Patch-Wise Self-Supervised Visual Representation Learning: A Fine-Grained Approach

Self-supervised visual representation learning traditionally focuses on image-level instance discrimination. Our study introduces an innovative, fine-grained dimension by integrating patch-level discrimination into these methodologies. This integration allows for the simultaneous analysis of local and global visual features, thereby enriching the quality of the learned representations. Initially, the original images undergo spatial augmentation. Subsequently, we employ a distinctive photometric patch-level augmentation, where each patch is individually augmented, independent from other patches within the same view. This approach generates a diverse training dataset with distinct color variations in each segment. The augmented images are then processed through a self-distillation learning framework, utilizing the Vision Transformer (ViT) as its backbone. The proposed method minimizes the representation distances across both image and patch levels to capture details from macro to micro perspectives. To this end, we present a simple yet effective patch-matching algorithm to find the corresponding patches across the augmented views. Thanks to the efficient structure of the patch-matching algorithm, our method reduces computational complexity compared to similar approaches. Consequently, we achieve an advanced understanding of the model without adding significant computational requirements. We have extensively pretrained our method on datasets of varied scales, such as Cifar10, ImageNet-100, and ImageNet-1K. It demonstrates superior performance over state-of-the-art self-supervised representation learning methods in image classification and downstream tasks, such as copy detection and image retrieval. The implementation of our method is accessible on GitHub.

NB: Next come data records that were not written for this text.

lemma reversal_permutes: "(\<lambda>i. if i < n then n - 1 - i else i) permutes {..<n :: nat}"
  by (rule bij_imp_permutes,
      rule bij_betw_byWitness[where f' = "\<lambda>i. if i < n then n - 1 - i else i"])
    (auto simp: image_subset_iff)

definition clamp01 :: "real \<Rightarrow> real" where
  "clamp01 u = max 0 (min 1 u)"

locale uninorm =
  fixes op :: "real \<Rightarrow> real \<Rightarrow> real" and e :: real
  assumes neutral_in_unit: "e \<in> {0..1}"
    and closed: "x \<in> {0..1} \<Longrightarrow> y \<in> {0..1} \<Longrightarrow> op x y \<in> {0..1}"
    and commute: "x \<in> {0..1} \<Longrightarrow> y \<in> {0..1} \<Longrightarrow> op x y = op y x"
    and assoc: "x \<in> {0..1} \<Longrightarrow> y \<in> {0..1} \<Longrightarrow> z \<in> {0..1} \<Longrightarrow>
      op (op x y) z = op x (op y z)"
    and mono: "x \<le> x' \<Longrightarrow> x \<in> {0..1} \<Longrightarrow> x' \<in> {0..1} \<Longrightarrow> y \<in> {0..1} \<Longrightarrow>
      op x y \<le> op x' y"
    and neutral: "x \<in> {0..1} \<Longrightarrow> op x e = x"
begin

text \<open>Clamping the arguments to \<open>[0,1]\<close> makes \<open>op\<close> commutative and associative on all of
  \<open>\<real>\<close>, so that \<^const>\<open>Finite_Set.fold\<close> applies to it.\<close>

definition op_clamped :: "real \<Rightarrow> real \<Rightarrow> real" where
  "op_clamped u v = op (clamp01 u) (clamp01 v)"

lemma op_clamped_eq: "u \<in> {0..1} \<Longrightarrow> v \<in> {0..1} \<Longrightarrow> op_clamped u v = op u v"
  by (simp add: op_clamped_def clamp01_def)

lemma abel_semigroup_op_clamped: "abel_semigroup op_clamped"
proof
  have clamp: "clamp01 u \<in> {0..1}" for u
    by (simp add: clamp01_def)
  then have clamp_op: "clamp01 (op_clamped u v) = op_clamped u v" for u v
    unfolding op_clamped_def using closed by (simp add: clamp01_def)
  show "op_clamped (op_clamped a b) c = op_clamped a (op_clamped b c)" for a b c
    using assoc[OF clamp clamp clamp] unfolding op_clamped_def[of _ c] op_clamped_def[of a]
    by (simp add: clamp_op[unfolded op_clamped_def])
  show "op_clamped a b = op_clamped b a" for a b
    unfolding op_clamped_def using commute[OF clamp clamp] .
qed

lemma op_clamped_mono: "u \<le> u' \<Longrightarrow> op_clamped u v \<le> op_clamped u' v"
  unfolding op_clamped_def clamp01_def by (intro mono) auto

lemma iter_in_unit: "(\<And>i. i \<le> k \<Longrightarrow> a i \<in> {0..1}) \<Longrightarrow> iter op a k \<in> {0..1}"
  by (induction k) (simp_all add: closed[simplified])

lemma iter_eq_fold:
  assumes "\<And>i. i \<le> k \<Longrightarrow> a i \<in> {0..1}"
  shows "iter op a k = Finite_Set.fold (op_clamped \<circ> a) e {..<Suc k}"
  using assms
proof (induction k)
  case 0
  then show ?case
    unfolding abel_semigroup.fold_lessThan_Suc[OF abel_semigroup_op_clamped]
    using neutral_in_unit by (simp add: op_clamped_eq neutral)
next
  case (Suc k)
  have "iter op a (Suc k) = op_clamped (a (Suc k)) (iter op a k)"
    using Suc.prems iter_in_unit[of k a] by (simp add: op_clamped_eq commute)
  also have "\<dots> = Finite_Set.fold (op_clamped \<circ> a) e {..<Suc (Suc k)}"
    unfolding abel_semigroup.fold_lessThan_Suc[OF abel_semigroup_op_clamped, of _ _ "Suc k"]
    using Suc by (simp add: comp_def)
  finally show ?case .
qed

lemma iter_permutation_rel_diagonal:
  fixes g :: "nat \<Rightarrow> nat \<Rightarrow> real"
  assumes R: "R = (\<le>) \<or> R = (\<ge>)" and n: "n \<ge> 1"
    and g_unit: "\<And>i k. i < n \<Longrightarrow> k < n \<Longrightarrow> g i k \<in> {0..1}"
    and exchange: "\<And>i i' k k'. i < i' \<Longrightarrow> k < k' \<Longrightarrow> i' < n \<Longrightarrow> k' < n \<Longrightarrow>
      R (op (g i' k) (g i k')) (op (g i k) (g i' k'))"
    and \<sigma>: "\<sigma> permutes {..<n}"
  shows "R (iter op (\<lambda>k. g (\<sigma> k) k) (n - 1)) (iter op (\<lambda>k. g k k) (n - 1))"
proof -
  have iter_fold: "iter op h (n - 1) = Finite_Set.fold (op_clamped \<circ> h) e {..<n}"
    if "\<And>k. k < n \<Longrightarrow> h k \<in> {0..1}" for h
    using iter_eq_fold[of "n - 1" h] that n by simp
  have "R (Finite_Set.fold (op_clamped \<circ> (\<lambda>k. g (\<sigma> k) k)) e {..<n})
          (Finite_Set.fold (op_clamped \<circ> (\<lambda>k. g k k)) e {..<n})"
  proof (rule abel_semigroup.fold_permutation_rel_diagonal[OF abel_semigroup_op_clamped _ _ _ _ \<sigma>])
    show "reflp R" "transp R"
      using R by (auto intro: reflpI transpI)
    show "R (op_clamped u v) (op_clamped u' v)" if "R u u'" for u u' v
      using R that op_clamped_mono by auto
    show "R (op_clamped (g i' k) (g i k')) (op_clamped (g i k) (g i' k'))"
      if "i < i'" "k < k'" "i' < n" "k' < n" for i i' k k'
      using exchange[OF that] that g_unit by (simp add: op_clamped_eq)
  qed
  moreover have "iter op (\<lambda>k. g (\<sigma> k) k) (n - 1)
      = Finite_Set.fold (op_clamped \<circ> (\<lambda>k. g (\<sigma> k) k)) e {..<n}"
    using g_unit permutes_in_image[OF \<sigma>] by (intro iter_fold) auto
  moreover have "iter op (\<lambda>k. g k k) (n - 1) = Finite_Set.fold (op_clamped \<circ> (\<lambda>k. g k k)) e {..<n}"
    using g_unit by (intro iter_fold) auto
  ultimately show ?thesis
    by simp
qed

lemma rearrangement_bounds:
  fixes f :: "real \<Rightarrow> real \<Rightarrow> real"
  assumes R: "R = (\<le>) \<or> R = (\<ge>)"
    and f_unit: "\<And>a b. a \<in> {0..1} \<Longrightarrow> b \<in> {0..1} \<Longrightarrow> f a b \<in> {0..1}"
    and exchange: "\<And>a a' b b'. 0 \<le> a \<Longrightarrow> a \<le> a' \<Longrightarrow> a' \<le> 1 \<Longrightarrow> 0 \<le> b \<Longrightarrow> b \<le> b' \<Longrightarrow> b' \<le> 1 \<Longrightarrow>
      R (op (f a' b) (f a b')) (op (f a b) (f a' b'))"
    and n: "n \<ge> 1" and x: "sorted01 n x" and y: "sorted01 n y" and \<sigma>: "\<sigma> permutes {..<n}"
  shows "R (iter op (\<lambda>i. f (x (n - 1 - i)) (y i)) (n - 1)) (iter op (\<lambda>i. f (x (\<sigma> i)) (y i)) (n - 1))
       \<and> R (iter op (\<lambda>i. f (x (\<sigma> i)) (y i)) (n - 1)) (iter op (\<lambda>i. f (x i) (y i)) (n - 1))"
proof
  have x_unit: "\<And>i. i < n \<Longrightarrow> x i \<in> {0..1}" and x_mono: "\<And>i i'. i \<le> i' \<Longrightarrow> i' < n \<Longrightarrow> x i \<le> x i'"
    and y_unit: "\<And>i. i < n \<Longrightarrow> y i \<in> {0..1}" and y_mono: "\<And>k k'. k \<le> k' \<Longrightarrow> k' < n \<Longrightarrow> y k \<le> y k'"
    using x y unfolding sorted01_def by auto
  have f_xy_unit: "f (x i) (y k) \<in> {0..1}" if "i < n" "k < n" for i k
    using f_unit x_unit y_unit that by blast
  have exchange_xy:
    "R (op (f (x i') (y k)) (f (x i) (y k'))) (op (f (x i) (y k)) (f (x i') (y k')))"
    if "i \<le> i'" "k \<le> k'" "i' < n" "k' < n" for i i' k k'
    using that x_unit y_unit x_mono y_mono by (intro exchange) auto
  show "R (iter op (\<lambda>i. f (x (\<sigma> i)) (y i)) (n - 1)) (iter op (\<lambda>i. f (x i) (y i)) (n - 1))"
  proof (rule iter_permutation_rel_diagonal[OF R n _ _ \<sigma>])
    show "f (x i) (y k) \<in> {0..1}" if "i < n" "k < n" for i k
      using f_xy_unit that .
    show "R (op (f (x i') (y k)) (f (x i) (y k'))) (op (f (x i) (y k)) (f (x i') (y k')))"
      if "i < i'" "k < k'" "i' < n" "k' < n" for i i' k k'
      using that by (intro exchange_xy) auto
  qed
  define \<rho> where "\<rho> = (\<lambda>i. if i < n then n - 1 - i else i) \<circ> \<sigma>"
  have \<rho>: "\<rho> permutes {..<n}"
    unfolding \<rho>_def using \<sigma> reversal_permutes by (rule permutes_compose)
  have R_converse: "(\<lambda>u v. R v u) = (\<le>) \<or> (\<lambda>u v. R v u) = (\<ge>)"
    using R by auto
  have "R (iter op (\<lambda>k. f (x (n - 1 - k)) (y k)) (n - 1))
          (iter op (\<lambda>k. f (x (n - 1 - \<rho> k)) (y k)) (n - 1))"
  proof (rule iter_permutation_rel_diagonal[OF R_converse n _ _ \<rho>])
    show "f (x (n - 1 - i)) (y k) \<in> {0..1}" if "i < n" "k < n" for i k
      using f_xy_unit that by simp
    show "R (op (f (x (n - 1 - i)) (y k)) (f (x (n - 1 - i')) (y k')))
            (op (f (x (n - 1 - i')) (y k)) (f (x (n - 1 - i)) (y k')))"
      if "i < i'" "k < k'" "i' < n" "k' < n" for i i' k k'
      using that by (intro exchange_xy) auto
  qed
  moreover have "iter op (\<lambda>k. f (x (n - 1 - \<rho> k)) (y k)) (n - 1)
      = iter op (\<lambda>k. f (x (\<sigma> k)) (y k)) (n - 1)"
  proof (rule iter_cong)
    fix k assume "k \<le> n - 1"
    then have "\<sigma> k < n"
      using permutes_in_image[OF \<sigma>] n by simp
    then show "f (x (n - 1 - \<rho> k)) (y k) = f (x (\<sigma> k)) (y k)"
      by (simp add: \<rho>_def Suc_diff_Suc)
  qed
  ultimately show "R (iter op (\<lambda>i. f (x (n - 1 - i)) (y i)) (n - 1))
                     (iter op (\<lambda>i. f (x (\<sigma> i)) (y i)) (n - 1))"
    by simp
qed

翻译：传统的自监督视觉表征学习主要关注图像级别的实例判别。本研究通过将分块级判别整合到这些方法中，引入了一种创新的细粒度维度。这种整合能够同时分析局部和全局视觉特征，从而丰富学习表征的质量。首先，原始图像经过空间增强处理。随后，我们采用独特的光度分块级增强方法，其中每个分块独立于同一视图内的其他分块进行单独增强。这种方法通过在每个图像片段中生成不同的颜色变化，创建了多样化的训练数据集。增强后的图像随后通过以Vision Transformer（ViT）为骨干网络的自蒸馏学习框架进行处理。所提出的方法通过最小化图像级别和分块级别的表征距离，从宏观到微观视角捕捉细节特征。为此，我们提出了一种简单而有效的分块匹配算法，用于在增强视图间寻找对应分块。得益于分块匹配算法的高效结构，我们的方法相比类似方法降低了计算复杂度。因此，我们在不显著增加计算需求的情况下实现了对模型的深入理解。我们在不同规模的数据集（如Cifar10、ImageNet-100和ImageNet-1K）上进行了广泛的预训练实验。该方法在图像分类及下游任务（如复制检测和图像检索）中表现出优于当前最先进的自监督表征学习方法的性能。本方法的实现代码已在GitHub上开源。